In this retrospective analysis of nine renal transplant recipients with recurrent UTIs who underwent urodynamics, all patients had normal compliance and voiding pressures. Native ureteral reflux occurred in one patient who had a history of a febrile UTI and transplant ureteral reflux in four patients. No patients exhibited an obstructive pattern and management was not altered based on results of urodynamic testing.
The etiology of recurrent UTIs in our cohort is likely multifactorial and patients had several risk factors. Seven patients were female, a finding that mirrors the high female-to-male ratio in other studies and likely reflects the pattern of UTIs in the general population6,7. Five had diabetes mellitus- in a study of nearly 30,000 renal transplant recipients, patients with diabetes had a 43% increased risk of UTI requiring hospitalization7,8. Two had multi-drug resistant uropathogens, which has been found to be an independent predictor for recurrent UTIs2. VUR in a native or transplant kidney was present in five patients, a finding in nearly half of renal transplant recipients with recurrent UTIs in another cohort6. However, the true impact of reflux is unclear as it has also been shown to have no impact on the incidence of UTIs or on graft or patient survival9. While four patients in our cohort had transplant ureteral reflux, the one patient with an abnormal creatinine who experienced recurrent febrile UTIs had native ureteral reflux, and this has been associated with an increased risk of UTI10.
Recipients who experience recurrent UTIs do appear to have worsened renal function. Pelle, et al. found that at one year post-transplantation, mean serum creatinine values were significantly higher in patients who had experienced acute pyelonephritis compared to patients without UTIs (2.01 vs. 1.59, p<0.01). In fact, creatinine clearance was 50% lower in these patients with acute pyelonephritis at four years follow-up compared to those without. In line with this study, our data showed a decline in renal function from a mean serum creatinine nadir after transplant of 0.86 to 1.47 at last follow-up. This decline may be due to VUR causing renal scarring, but the significance of such scarring on long-term graft survival may be minimal as previously discussed6.

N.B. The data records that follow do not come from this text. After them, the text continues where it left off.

lemma stretched_exp_ge_solution:
  fixes \<alpha> r b \<mu> A c k :: real
  assumes lip: "\<And>a b. 0 \<le> b \<Longrightarrow> b \<le> a \<Longrightarrow> a \<le> 1 \<Longrightarrow> f a - f b \<le> M * (a - b)"
    and "0 \<le> M" and sol: "is_solution f u0 u"
    and f_upper: "\<And>s. 0 < s \<Longrightarrow> s < 1 \<Longrightarrow> f s \<le> r * s / (1 + \<bar>ln s\<bar>) powr \<alpha>"
    and "0 < \<alpha>" "0 < r" and b: "0 < b" "b \<le> 1" "1 \<le> b * (1 + \<alpha>)" and "0 < \<mu>"
    and "exp \<mu> \<le> A" and init: "\<And>x. u0 x \<le> A * exp (- \<mu> * (max x 0) powr b)"
    and k: "r * (2 / \<mu>) powr \<alpha> \<le> k" "r * (max ((2 * ln A / \<mu>) powr (1 / b)) 1) powr (1 - b) \<le> k"
    and c: "c * \<mu> * b = k + \<mu>\<^sup>2 * b\<^sup>2 + \<mu> * b * (1 - b)"
    and "0 \<le> t"
  shows "u t x \<le> A * exp (- \<mu> * (max (x - c * t) 0) powr b)"
proof (rule supersolution_ge_solution[OF lip \<open>0 \<le> M\<close> sol _ _ _ _ \<open>0 \<le> t\<close>])
  have "1 \<le> A" using \<open>exp \<mu> \<le> A\<close> \<open>0 < \<mu>\<close> by (meson less_imp_le one_le_exp_iff order_trans)
  have "continuous_on UNIV (\<lambda>s::real. (max s 0) powr b)"
    using b by (intro continuous_on_powr' continuous_intros) auto
  moreover have "continuous_on ({0..} \<times> UNIV) (\<lambda>p::real \<times> real. snd p - c * fst p)"
    by (intro continuous_intros)
  ultimately have g: "continuous_on ({0..} \<times> UNIV) (\<lambda>p::real \<times> real. (max (snd p - c * fst p) 0) powr b)"
    by (rule continuous_on_compose2) auto
  show "continuous_on ({0..} \<times> UNIV) (\<lambda>(t, x). A * exp (- \<mu> * (max (x - c * t) 0) powr b))"
    unfolding case_prod_beta' by (intro continuous_on_mult_left continuous_on_exp g)
  show "0 \<le> A * exp (- \<mu> * (max (x - c * t) 0) powr b)" for t x using \<open>1 \<le> A\<close> by simp
  show "u0 x \<le> A * exp (- \<mu> * (max (x - c * 0) 0) powr b)" for x using init by simp
  show "\<exists>vt vxx. has_parabolic_derivatives (\<lambda>t x. A * exp (- \<mu> * (max (x - c * t) 0) powr b)) t x vt vxx
      \<and> f (A * exp (- \<mu> * (max (x - c * t) 0) powr b)) \<le> vt - vxx"
    if "0 < t" and below: "A * exp (- \<mu> * (max (x - c * t) 0) powr b) < u t x" for t x
  proof (rule stretched_exp_supersolution[OF f_upper \<open>0 < \<alpha>\<close> \<open>0 < r\<close> b \<open>0 < \<mu>\<close> \<open>1 \<le> A\<close> k c])
    have "u t x \<le> 1" using sol \<open>0 < t\<close> by (simp add: is_solution_def)
    \<comment> \<open>For \<open>s \<le> 1\<close> the profile is at least \<open>A e\<^sup>-\<^sup>\<mu> \<ge> 1\<close>, so contact can only occur where \<open>s > 1\<close>.\<close>
    have "1 \<le> A * exp (- \<mu> * (max s 0) powr b)" if "s \<le> 1" for s
    proof -
      have "(max s 0) powr b \<le> 1" using powr_mono2[of b "max s 0" 1] that b by simp
      then have "exp (- \<mu>) \<le> exp (- \<mu> * (max s 0) powr b)" using \<open>0 < \<mu>\<close> by simp
      then have "exp \<mu> * exp (- \<mu>) \<le> A * exp (- \<mu> * (max s 0) powr b)"
        using \<open>exp \<mu> \<le> A\<close> \<open>1 \<le> A\<close> by (intro mult_mono) auto
      then show ?thesis by (simp add: exp_minus)
    qed
    then show "1 < x - c * t" using below \<open>u t x \<le> 1\<close> by (meson le_less_trans linorder_not_le)
    then show "A * exp (- \<mu> * (x - c * t) powr b) < 1" using below \<open>u t x \<le> 1\<close> by simp
  qed
qed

The relative lack of literature regarding the role of diagnostic studies in renal transplant recipients with recurrent UTIs leaves providers with minimal guidance for selecting directed and appropriate testing. Among a cohort with recurrent UTIs after transplant, 32 patients underwent renal scintigraphy with 99mTc-dimercaptosuccinic acid (DMSA) and voiding cystourethrogram (VCUG)6. However, focal renal cortical defects detected on DMSA were not associated with inferior graft survival at a median follow-up of 15 years. As these advanced studies did not impact management, DMSA and VCUG may have minimal utility in the diagnostic workup for this population.

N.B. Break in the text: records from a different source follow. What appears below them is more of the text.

section \<open>Products of adapted functionals of independent variables\<close>

lemma (in prob_space) nn_integral_indep_var_mult_le:
  assumes XY: "indep_var S X T Y"
    and G: "G \<in> borel_measurable S"
    and f: "(\<lambda>z. f (fst z) (snd z)) \<in> borel_measurable (S \<Otimes>\<^sub>M T)"
    and bound: "\<And>x. x \<in> space S \<Longrightarrow> (\<integral>\<^sup>+ \<omega>. f x (Y \<omega>) \<partial>M) \<le> b"
  shows "(\<integral>\<^sup>+ \<omega>. G (X \<omega>) * f (X \<omega>) (Y \<omega>) \<partial>M) \<le> (\<integral>\<^sup>+ \<omega>. G (X \<omega>) \<partial>M) * b"
proof -
  have X: "random_variable S X" and Y: "random_variable T Y"
    and joint: "distr M S X \<Otimes>\<^sub>M distr M T Y = distr M (S \<Otimes>\<^sub>M T) (\<lambda>\<omega>. (X \<omega>, Y \<omega>))"
    using XY by (simp_all add: indep_var_distribution_eq)
  interpret PY: prob_space "distr M T Y" by (rule prob_space_distr) (rule Y)
  have fx: "f x \<in> borel_measurable T" if "x \<in> space S" for x
    using measurable_Pair2[OF f that] by simp
  have Gf: "(\<lambda>z. G (fst z) * f (fst z) (snd z)) \<in> borel_measurable (S \<Otimes>\<^sub>M T)"
    by (intro borel_measurable_times_ennreal measurable_compose[OF measurable_fst G] f)
  then have Gf': "(\<lambda>z. G (fst z) * f (fst z) (snd z)) \<in> borel_measurable (distr M S X \<Otimes>\<^sub>M distr M T Y)"
    by (simp only: measurable_cong_sets[OF sets_pair_measure_cong[OF sets_distr sets_distr] refl])
  have "(\<integral>\<^sup>+ \<omega>. G (X \<omega>) * f (X \<omega>) (Y \<omega>) \<partial>M)
      = (\<integral>\<^sup>+ z. G (fst z) * f (fst z) (snd z) \<partial>distr M (S \<Otimes>\<^sub>M T) (\<lambda>\<omega>. (X \<omega>, Y \<omega>)))"
    using Gf X Y by (simp add: nn_integral_distr)
  also have "\<dots> = (\<integral>\<^sup>+ x. \<integral>\<^sup>+ y. G x * f x y \<partial>distr M T Y \<partial>distr M S X)"
    using PY.nn_integral_fst[OF Gf'] by (simp add: joint)
  also have "\<dots> = (\<integral>\<^sup>+ x. G x * \<integral>\<^sup>+ y. f x y \<partial>distr M T Y \<partial>distr M S X)"
    using fx by (intro nn_integral_cong nn_integral_cmult) auto
  also have "\<dots> \<le> (\<integral>\<^sup>+ x. G x * b \<partial>distr M S X)"
    using fx bound Y by (intro nn_integral_mono mult_left_mono) (auto simp: nn_integral_distr)
  also have "\<dots> = (\<integral>\<^sup>+ \<omega>. G (X \<omega>) \<partial>M) * b"
    using G X by (simp add: nn_integral_multc nn_integral_distr)
  finally show ?thesis .
qed

text \<open>The hypothesis bounds each factor's conditional expectation given \<open>V\<^sub>1, \<dots>, V\<^sub>k\<^sub>-\<^sub>1\<close>;
  independence of the past and \<open>V\<^sub>k\<close> peels the factors off one time step at a time.\<close>

lemma (in prob_space) nn_integral_prod_adapted_le:
  fixes V :: "nat \<Rightarrow> 'a \<Rightarrow> real" and f :: "nat \<Rightarrow> (nat \<Rightarrow> real) \<Rightarrow> real \<Rightarrow> ennreal"
  assumes indep: "indep_vars (\<lambda>_. borel) V {1..}"
    and f: "\<And>k. (\<lambda>z. f k (fst z) (snd z)) \<in> borel_measurable (PiM {1..<k} (\<lambda>_. borel) \<Otimes>\<^sub>M borel)"
    and bound: "\<And>k x. k \<ge> 1 \<Longrightarrow> x \<in> space (PiM {1..<k} (\<lambda>_. borel)) \<Longrightarrow>
                  (\<integral>\<^sup>+ \<omega>. f k x (V k \<omega>) \<partial>M) \<le> b k"
  shows "(\<integral>\<^sup>+ \<omega>. (\<Prod>k\<in>{1..n}. f k (restrict (\<lambda>i. V i \<omega>) {1..<k}) (V k \<omega>)) \<partial>M)
           \<le> (\<Prod>k\<in>{1..n}. b k)"
proof (induction n)
  case 0
  show ?case by (simp add: emeasure_space_1)
next
  case (Suc n)
  define S where "S = PiM {1..<Suc n} (\<lambda>_. borel :: real measure)"
  define past where "past = (\<lambda>\<omega>. restrict (\<lambda>i. V i \<omega>) {1..<Suc n})"
  define G where "G = (\<lambda>x. \<Prod>k\<in>{1..n}. f k (restrict x {1..<k}) (x k))"
  define T where "T = PiM {Suc n} (\<lambda>_. borel :: real measure)"
  define now where "now = (\<lambda>\<omega>. restrict (\<lambda>i. V i \<omega>) {Suc n})"
  have indep_past: "indep_var S past T now"
    unfolding S_def past_def T_def now_def by (rule indep_var_restrict[OF indep]) auto
  have now: "(\<lambda>q. q (Suc n)) \<in> borel_measurable T"
    unfolding T_def by (rule measurable_component_singleton) simp
  have G: "G \<in> borel_measurable S"
    unfolding G_def
  proof (intro borel_measurable_prod_ennreal)
    fix k assume k: "k \<in> {1..n}"
    have "(\<lambda>x. (restrict x {1..<k}, x k)) \<in> measurable S (PiM {1..<k} (\<lambda>_. borel) \<Otimes>\<^sub>M borel)"
      unfolding S_def using k
      by (intro measurable_Pair measurable_restrict_subset measurable_component_singleton) auto
    from measurable_comp[OF this f[of k]]
    show "(\<lambda>x. f k (restrict x {1..<k}) (x k)) \<in> borel_measurable S" by (simp add: comp_def)
  qed
  have G_past: "G (past \<omega>) = (\<Prod>k\<in>{1..n}. f k (restrict (\<lambda>i. V i \<omega>) {1..<k}) (V k \<omega>))" for \<omega>
    unfolding G_def past_def
    by (intro prod.cong refl) (auto simp: restrict_def fun_eq_iff intro!: arg_cong2[where f="f _"])
  have "(\<integral>\<^sup>+ \<omega>. (\<Prod>k\<in>{1..Suc n}. f k (restrict (\<lambda>i. V i \<omega>) {1..<k}) (V k \<omega>)) \<partial>M)
      = (\<integral>\<^sup>+ \<omega>. G (past \<omega>) * f (Suc n) (past \<omega>) (now \<omega> (Suc n)) \<partial>M)"
    by (simp add: G_past prod.cl_ivl_Suc now_def) (simp add: past_def)
  also have "\<dots> \<le> (\<integral>\<^sup>+ \<omega>. G (past \<omega>) \<partial>M) * b (Suc n)"
  proof (rule nn_integral_indep_var_mult_le[OF indep_past G,
        where f="\<lambda>x q. f (Suc n) x (q (Suc n))"])
    have "(\<lambda>z. (fst z, snd z (Suc n))) \<in> measurable (S \<Otimes>\<^sub>M T) (S \<Otimes>\<^sub>M borel)"
      by (intro measurable_Pair measurable_fst measurable_compose[OF measurable_snd now])
    from measurable_comp[OF this f[of "Suc n", folded S_def]]
    show "(\<lambda>z. f (Suc n) (fst z) (snd z (Suc n))) \<in> borel_measurable (S \<Otimes>\<^sub>M T)"
      by (simp add: comp_def)
    show "(\<integral>\<^sup>+ \<omega>. f (Suc n) x (now \<omega> (Suc n)) \<partial>M) \<le> b (Suc n)" if "x \<in> space S" for x
      using bound[of "Suc n" x] that by (simp add: S_def now_def)
  qed
  also have "\<dots> \<le> (\<Prod>k\<in>{1..n}. b k) * b (Suc n)"
    unfolding G_past by (rule mult_right_mono[OF Suc.IH]) simp
  also have "\<dots> = (\<Prod>k\<in>{1..Suc n}. b k)" by (simp add: prod.cl_ivl_Suc)
  finally show ?case .
qed

lemma nn_integral_comp_eq_of_distr_eq:
  assumes "X \<in> borel_measurable M" "Y \<in> borel_measurable M"
    and "distr M borel X = distr M borel Y" and "h \<in> borel_measurable borel"
  shows "(\<integral>\<^sup>+ \<omega>. h (X \<omega>) \<partial>M) = (\<integral>\<^sup>+ \<omega>. h (Y \<omega>) \<partial>M)"
proof -
  have "(\<integral>\<^sup>+ \<omega>. h (X \<omega>) \<partial>M) = integral\<^sup>N (distr M borel X) h"
    using assms(1,4) by (simp add: nn_integral_distr)
  also have "\<dots> = integral\<^sup>N (distr M borel Y) h" by (simp only: assms(3))
  also have "\<dots> = (\<integral>\<^sup>+ \<omega>. h (Y \<omega>) \<partial>M)"
    using assms(2,4) by (simp add: nn_integral_distr)
  finally show ?thesis .
qed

Urodynamic studies were performed after renal transplant in our cohort, but Theodorou, et al. subjected 44 patients with known or suspected lower urinary tract dysfunction to pre-transplant urodynamics. 68% of patients had a urodynamic abnormality that precluded renal transplantation, including neuropathic bladder, small capacity bladder, bladder outlet obstruction, or idiopathic detrusor overactivity. 32% of patients underwent surgical treatment prior to transplant11. In contrast to our study, all patients in this cohort had lower tract dysfunction which may have improved the utility of urodynamics. Further studies will need to assess whether these patients had fewer UTIs post-transplant as a result of pre-transplant urodynamics and treatment.

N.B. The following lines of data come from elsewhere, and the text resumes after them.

theory Submission
  imports Defs "HOL-Combinatorics.Cycles" "HOL-Library.FuncSet"
begin

(* Order the states by inclusion of their quotient languages: p \<le> q iff every word taking p
   to the final state n-1 also takes q there. For a minimal DFA of a two-sided ideal this is a
   partial order with least element 0 and greatest element n-1, the final state is a sink, and
   every transformation in T_n fixes n-1 and is monotone.

   If two distinct inner states 1, ..., n-2 are comparable, a monotone transformation is
   determined by the image v of 0 and its restriction to the inner states, which maps them into
   the up-set of v and the comparable pair to a comparable pair; there are fewer than
   n^(n-2) + (n-2) 2^(n-2) + 1 such data. Otherwise the inner states form an antichain and
   monotonicity confines T_n to an explicit set of at most that many transformations, all of
   which are generated by the letters of W_n. So the cardinality hypothesis forces T_n = S_n. *)

section \<open>The quotient order and monotone transformations\<close>

lemma steps_Nil [simp]: "steps delta q [] = q"
  by (simp add: steps_def)

lemma steps_Cons [simp]: "steps delta q (x # w) = steps delta (delta q x) w"
  by (simp add: steps_def)

lemma steps_append: "steps delta q (u @ v) = steps delta (steps delta q u) v"
  by (simp add: steps_def)

lemma steps_less:
  assumes "\<forall>q<n. \<forall>x\<in>Al. delta q x < n" and "q < n" and "w \<in> lists Al"
  shows "steps delta q w < n"
  using assms(2,3) by (induction w arbitrary: q) (use assms(1) in auto)

definition monotone_transfs :: "nat \<Rightarrow> (nat \<Rightarrow> nat \<Rightarrow> bool) \<Rightarrow> (nat \<Rightarrow> nat) set" where
  "monotone_transfs n R = {t. (\<forall>q\<ge>n. t q = q) \<and> (\<forall>q<n. t q < n) \<and> t (n - 1) = n - 1 \<and>
     (\<forall>p<n. \<forall>q<n. R p q \<longrightarrow> R (t p) (t q))}"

There are several limitations to this study. First, we have a small sample size but this is due to exclusion of patients with neurogenic bladder and lower urinary tract symptoms who had known reasons for developing recurrent UTIs. Second, it is a retrospective study. Furthermore, our mean follow-up time was 2.46 years and bladder dysfunction may become more evident in this population with longer follow-up.